Cinquième constatation : les structures désignées comme devant se préoccuper et prendre
en charge ce problème de santé publique sont d’abord l’État (57 %), les ordres professionnels
(49 %), la CNAM (47 %), les syndicats professionnels (31 %), les assurances privées (15 %). Emails et sites internet dédiés sont les canaux de communication à privilégier pour communiquer
sur les actions mises en place. Plus d’un quart des soignants interrogés formulent enfin le
souhait de participer eux-mêmes à la prise en charge des soignants souhaitant être aidés. Parmi
eux, 75 % ont accepté que leurs coordonnées soient transmises à l’association SPS pour être
informés et contactés dans le cadre d’un investissement personnel.
Pour la grande majorité des personnes ayant répondu à l’enquête, il y a vraiment urgence à
prendre en charge ce problème de souffrance psychologique. Les dernières manifestations hier
mardi 8 novembre partout en France de l'ensemble des professionnels de santé et plus
spécifiquement des infirmiers le soulignent d'autant plus. Récemment, la Coordination nationale
infirmière (CNI) adressait au Gouvernement 45 000 signatures pour dire stop à la souffrance des
soignantssoulignant ceci : aujourd'hui, de plus en plus de soignants se trouvent en situation de
profonde souffrance au travail. La majorité d'entre eux ressentent un fort sentiment d'abandon,
pris entre les recommandations et le manque de moyens donnés pour les atteindre, tout en étant
en première ligne, au chevet des patients. De son côté, Marisol Touraine, ministre des affaires
sociales et de la santé, revenant (très en retard) sur la vague de suicides qui avait touché
récemment les infirmiers, avait déclaré fin septembre dernier : c'est pour apporter des réponses
concrètes à cette situation particulièrement préoccupante que je présenterai très prochainement
un plan pour l’amélioration de la qualité de vie au travail des professionnels de santé. Je veux
que vous soyez associés à l’élaboration de son plan. Cela me parait indispensable pour garantir,
par la suite, sa mise œuvre et son suivi au sein des établissements de santé.

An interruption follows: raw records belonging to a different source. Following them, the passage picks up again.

definition strategy_O :: "nat set \<Rightarrow> nat set \<Rightarrow> (nat list \<Rightarrow> nat) \<Rightarrow> bool" where
  "strategy_O \<Sigma>I \<Sigma>O tauO \<longleftrightarrow> (\<forall>x. x \<noteq> [] \<and> set x \<subseteq> \<Sigma>I \<longrightarrow> tauO x \<in> \<Sigma>O)"

definition is_play :: "(nat \<Rightarrow> nat) \<Rightarrow> nat set \<Rightarrow> nat set \<Rightarrow> (nat \<Rightarrow> nat list) \<Rightarrow> (nat \<Rightarrow> nat) \<Rightarrow> bool" where
  "is_play f \<Sigma>I \<Sigma>O u v \<longleftrightarrow>
     (\<forall>i. length (u i) = f i \<and> set (u i) \<subseteq> \<Sigma>I \<and> v i \<in> \<Sigma>O)"

definition consistent_I :: "(nat list \<Rightarrow> nat list) \<Rightarrow> (nat \<Rightarrow> nat list) \<Rightarrow> (nat \<Rightarrow> nat) \<Rightarrow> bool" where
  "consistent_I tauI u v \<longleftrightarrow> (\<forall>i. u i = tauI (map v [0..<i]))"

definition consistent_O :: "(nat list \<Rightarrow> nat) \<Rightarrow> (nat \<Rightarrow> nat list) \<Rightarrow> (nat \<Rightarrow> nat) \<Rightarrow> bool" where
  "consistent_O tauO u v \<longleftrightarrow> (\<forall>i. v i = tauO (concat (map u [0..<Suc i])))"

definition O_wins :: "(nat \<Rightarrow> nat) \<Rightarrow> nat set \<Rightarrow> nat set \<Rightarrow> (nat \<Rightarrow> nat \<times> nat) set \<Rightarrow> bool" where
  "O_wins f \<Sigma>I \<Sigma>O L \<longleftrightarrow>
     (\<exists>tauO. strategy_O \<Sigma>I \<Sigma>O tauO \<and>
        (\<forall>u v. is_play f \<Sigma>I \<Sigma>O u v \<and> consistent_O tauO u v \<longrightarrow> play_word u v \<in> L))"

definition I_wins :: "(nat \<Rightarrow> nat) \<Rightarrow> nat set \<Rightarrow> nat set \<Rightarrow> (nat \<Rightarrow> nat \<times> nat) set \<Rightarrow> bool" where
  "I_wins f \<Sigma>I \<Sigma>O L \<longleftrightarrow>
     (\<exists>tauI. strategy_I f \<Sigma>I \<Sigma>O tauI \<and>
        (\<forall>u v. is_play f \<Sigma>I \<Sigma>O u v \<and> consistent_I tauI u v \<longrightarrow> play_word u v \<notin> L))"

end

theory Submission
  imports Defs
begin

text \<open>Player I writes a binary counter 0, 1, ..., 2^n into consecutive positions and then a
bit, which Player O has to guess with its first move. With lookahead 2^n + 2, O sees that bit
in time and can afterwards point at the first wrong increment of the counter by naming a bit
position j at which the successor value is wrong; to check such a claim the automaton only
remembers j and the expected value of bit j, so it has O(n) states. With initial lookahead at
most 2^n, the bit at position 2^n is chosen only after O's guess: I counts correctly and
contradicts the guess.\<close>

lemma eq_if_low_bits_eq:
  fixes x y :: nat
  assumes "x < 2 ^ k" "y < 2 ^ k" "\<forall>j<k. bit x j = bit y j"
  shows "x = y"
  by (metis assms bit_eq_iff bit_take_bit_iff take_bit_nat_eq_self_iff)

lemma range_eventually_const:
  fixes r :: "nat \<Rightarrow> 'a"
  assumes "\<And>i. k \<le> i \<Longrightarrow> r i = x"
  shows "range r = insert x (r ` {..<k})"
proof -
  have "r i \<in> insert x (r ` {..<k})" for i
  proof (cases "k \<le> i")
    case False
    then show ?thesis by (intro insertI2 imageI) simp
  qed (simp add: assms)
  moreover have "r k = x" by (simp add: assms)
  ultimately show ?thesis by blast
qed

lemma counting_prefix:
  fixes c :: "nat \<Rightarrow> nat"
  assumes "c 0 = 0"
  obtains m where "m \<le> N" "\<And>i. i \<le> m \<Longrightarrow> c i = i" "m = N \<or> c (Suc m) \<noteq> Suc m"
proof -
  obtain m where stop: "m = N \<or> c (Suc m) \<noteq> Suc m"
    and before: "\<And>k. k < m \<Longrightarrow> \<not> (k = N \<or> c (Suc k) \<noteq> Suc k)"
    using exists_least_iff[of "\<lambda>m. m = N \<or> c (Suc m) \<noteq> Suc m"] by blast
  have "m \<le> N" using before[of N] by (meson not_le)
  moreover have "c i = i" if "i \<le> m" for i
    using that assms before by (induction i) auto
  ultimately show ?thesis using stop by (rule that)
qed

subsection \<open>Plays\<close>

lemma concat_map_upt_split:
  "k \<le> l \<Longrightarrow> concat (map u [0..<l]) = concat (map u [0..<k]) @ concat (map u [k..<l])"
  by (metis concat_append le_Suc_ex map_append upt_add_eq_append zero_le)

lemma length_concat_map_upt_ge:
  "(\<And>i. u i \<noteq> []) \<Longrightarrow> l \<le> length (concat (map u [0..<l]))"
proof (induction l)
  case (Suc l)
  have "0 < length (u l)" using Suc.prems by simp
  then show ?case using Suc by (simp del: length_greater_0_conv)
qed simp

lemma input_word_nth_concat:
  assumes nonempty: "\<And>i. u i \<noteq> []" and p: "p < length (concat (map u [0..<k]))"
  shows "input_word u p = concat (map u [0..<k]) ! p"
proof (cases "k \<le> Suc p")
  case True
  then show ?thesis
    using p by (simp add: input_word_def concat_map_upt_split[of k "Suc p"] nth_append del: upt_Suc)
next
  case False
  have "p < length (concat (map u [0..<Suc p]))"
    using length_concat_map_upt_ge[of u "Suc p", OF nonempty] by (simp del: upt_Suc)
  then show ?thesis
    using False by (simp add: input_word_def concat_map_upt_split[of "Suc p" k] nth_append del: upt_Suc)
qed

lemma play_word_in_alphabets:
  assumes "is_play d \<Sigma>I \<Sigma>O u v" "delay_fun d"
  shows "play_word u v i \<in> \<Sigma>I \<times> \<Sigma>O"
proof -
  have nonempty: "u j \<noteq> []" for j
    using assms by (metis delay_fun_def is_play_def list.size(3) not_one_le_zero)
  have "input_word u i \<in> set (concat (map u [0..<Suc i]))"
    using length_concat_map_upt_ge[of u "Suc i", OF nonempty]
    unfolding input_word_def by (intro nth_mem) simp
  then show ?thesis
    using assms(1) by (auto simp: play_word_def is_play_def)
qed

lemma input_word_of_blocks:
  assumes "delay_fun d"
    and blocks: "\<And>i. u i = map h [(\<Sum>j<i. d j)..<(\<Sum>j<i. d j) + d i]"
  shows "input_word u p = h p"
proof -
  have prefix: "concat (map u [0..<k]) = map h [0..<(\<Sum>j<k. d j)]" for k
    by (induction k) (simp_all add: blocks upt_add_eq_append[OF le0])
  have "Suc p \<le> (\<Sum>j<Suc p. d j)"
    using sum_mono[of "{..<Suc p}" "\<lambda>_. 1" d] assms(1) by (simp add: delay_fun_def)
  then show ?thesis
    by (simp add: input_word_def prefix del: upt_Suc)
qed

subsection \<open>The automaton\<close>

text \<open>An input letter 2 p + h carries a counter value p \<le> 2^n and a bit h; an output letter
2 k + g carries a claim k and a guess g, where k = Suc j claims that bit j of the next counter
value is wrong. State 0 is initial, 1 and 2 are the accepting and rejecting sinks, 3 + g counts
under guess g, and 5 + 2 j + e verifies that bit j of the next counter value differs from e.\<close>

definition counter_inputs :: "nat \<Rightarrow> nat set" where
  "counter_inputs n = {..<2 * (2 ^ n + 1)}"

definition counter_outputs :: "nat \<Rightarrow> nat set" where
  "counter_outputs n = {..<2 * (n + 2)}"

definition counter_states :: "nat \<Rightarrow> nat set" where
  "counter_states n = {..<2 * n + 7}"

definition count_step :: "nat \<Rightarrow> nat \<Rightarrow> nat \<Rightarrow> nat" where
  "count_step g p k = (case k of 0 \<Rightarrow> 3 + g | Suc j \<Rightarrow> 5 + 2 * j + of_bool (bit (Suc p) j))"

definition counter_trans :: "nat \<Rightarrow> nat \<Rightarrow> nat \<times> nat \<Rightarrow> nat" where
  "counter_trans n q x =
    (let p = fst x div 2; h = fst x mod 2; k = snd x div 2 in
     if q = 0 then (if p = 0 then count_step (snd x mod 2) p k else 1)
     else if q = 3 \<or> q = 4 then
       (if p = 2 ^ n then (if h = q - 3 then 1 else 2) else count_step (q - 3) p k)
     else if 5 \<le> q then (if of_bool (bit p ((q - 5) div 2)) = (q - 5) mod 2 then 2 else 1)
     else q)"

definition counter_acc :: "nat \<Rightarrow> nat set set" where
  "counter_acc n = (\<lambda>(G, C). {0, 1} \<union> G \<union> C) `
     ({{}, {3}, {4}} \<times> insert {} ((\<lambda>t. {5 + t}) ` {..<2 * n + 2}))"

abbreviation counter_lang :: "nat \<Rightarrow> (nat \<Rightarrow> nat \<times> nat) set" where
  "counter_lang n \<equiv> wm_lang (counter_inputs n) (counter_outputs n) 0 (counter_trans n) (counter_acc n)"

lemma counter_trans_sink: "q = 1 \<or> q = 2 \<Longrightarrow> counter_trans n q x = q"
  by (auto simp: counter_trans_def)

lemma counter_trans_bad_start: "a div 2 \<noteq> 0 \<Longrightarrow> counter_trans n 0 (a, b) = 1"
  by (simp add: counter_trans_def)

lemma counter_trans_counting:
  assumes "g < 2" "a div 2 = i" "i \<noteq> 2 ^ n" "i = 0 \<Longrightarrow> b mod 2 = g"
  shows "counter_trans n (if i = 0 then 0 else 3 + g) (a, b) = count_step g i (b div 2)"
  using assms by (auto simp: counter_trans_def Let_def)

lemma counter_trans_final:
  assumes "g < 2" "a div 2 = 2 ^ n"
  shows "counter_trans n (3 + g) (a, b) = (if a mod 2 = g then 1 else 2)"
  using assms by (auto simp: counter_trans_def Let_def)

lemma counter_trans_verify:
  "counter_trans n (count_step g p (Suc j)) x = (if bit (fst x div 2) j = bit (Suc p) j then 2 else 1)"
  by (simp add: counter_trans_def count_step_def)

lemma count_step_in_states:
  "g < 2 \<Longrightarrow> k \<le> Suc n \<Longrightarrow> count_step g p k \<in> counter_states n"
  by (cases k) (auto simp: count_step_def counter_states_def)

Un plan qui, pour
l'heure, n'a toujours pas été développé par la ministre.
Bernadette FABREGAS
Rédactrice en chef Infirmiers.com [email protected]
Notes
1.
L’association Soins aux Professionnels de Santé (SPS) a pour origine le rassemblement d’un groupe
d’experts souhaitant partager et défendre la santé des professionnels de santé vulnérables. Son objectif est
de susciter une véritable prise de conscience et de proposer des actions concrètes.
2.
L'enquête a été menée sur internet du 19 septembre au 10 octobre 2016 et 4019 professionnels de santé y
ont répondu - kinésithérapeutes, médecins, orthophonistes, infirmiers (12% ; moyenne d'âge 45 ans ; 45% en
exercice hospitalier ; 52 % en exercice libéral ; 3% en exercice mixte), podologues, pharmaciens, chirurgiensdentistes, orthoptistes, aides-soignants, bilogistes, autres - Les trois quarts des répondants exercent en
secteur libéral.
3.
Cette enquête, menée en novembre 2015, visait à évaluer la souffrance psycholgique des professionnels de
santé, en particulier les addictions à l'alcool, aux anxyolitiques et psychotropes. Enquête réalisée
gracieusement par Stethos via Internet, avec l’implication du Centre National des Professions Libérales de
Santé (CPNS) et des syndicats de professionnels de santé qui ont activement sollicité leurs adhérents.
Enquête totalement anonymisée par Karapace, une société “tiers de confiance”.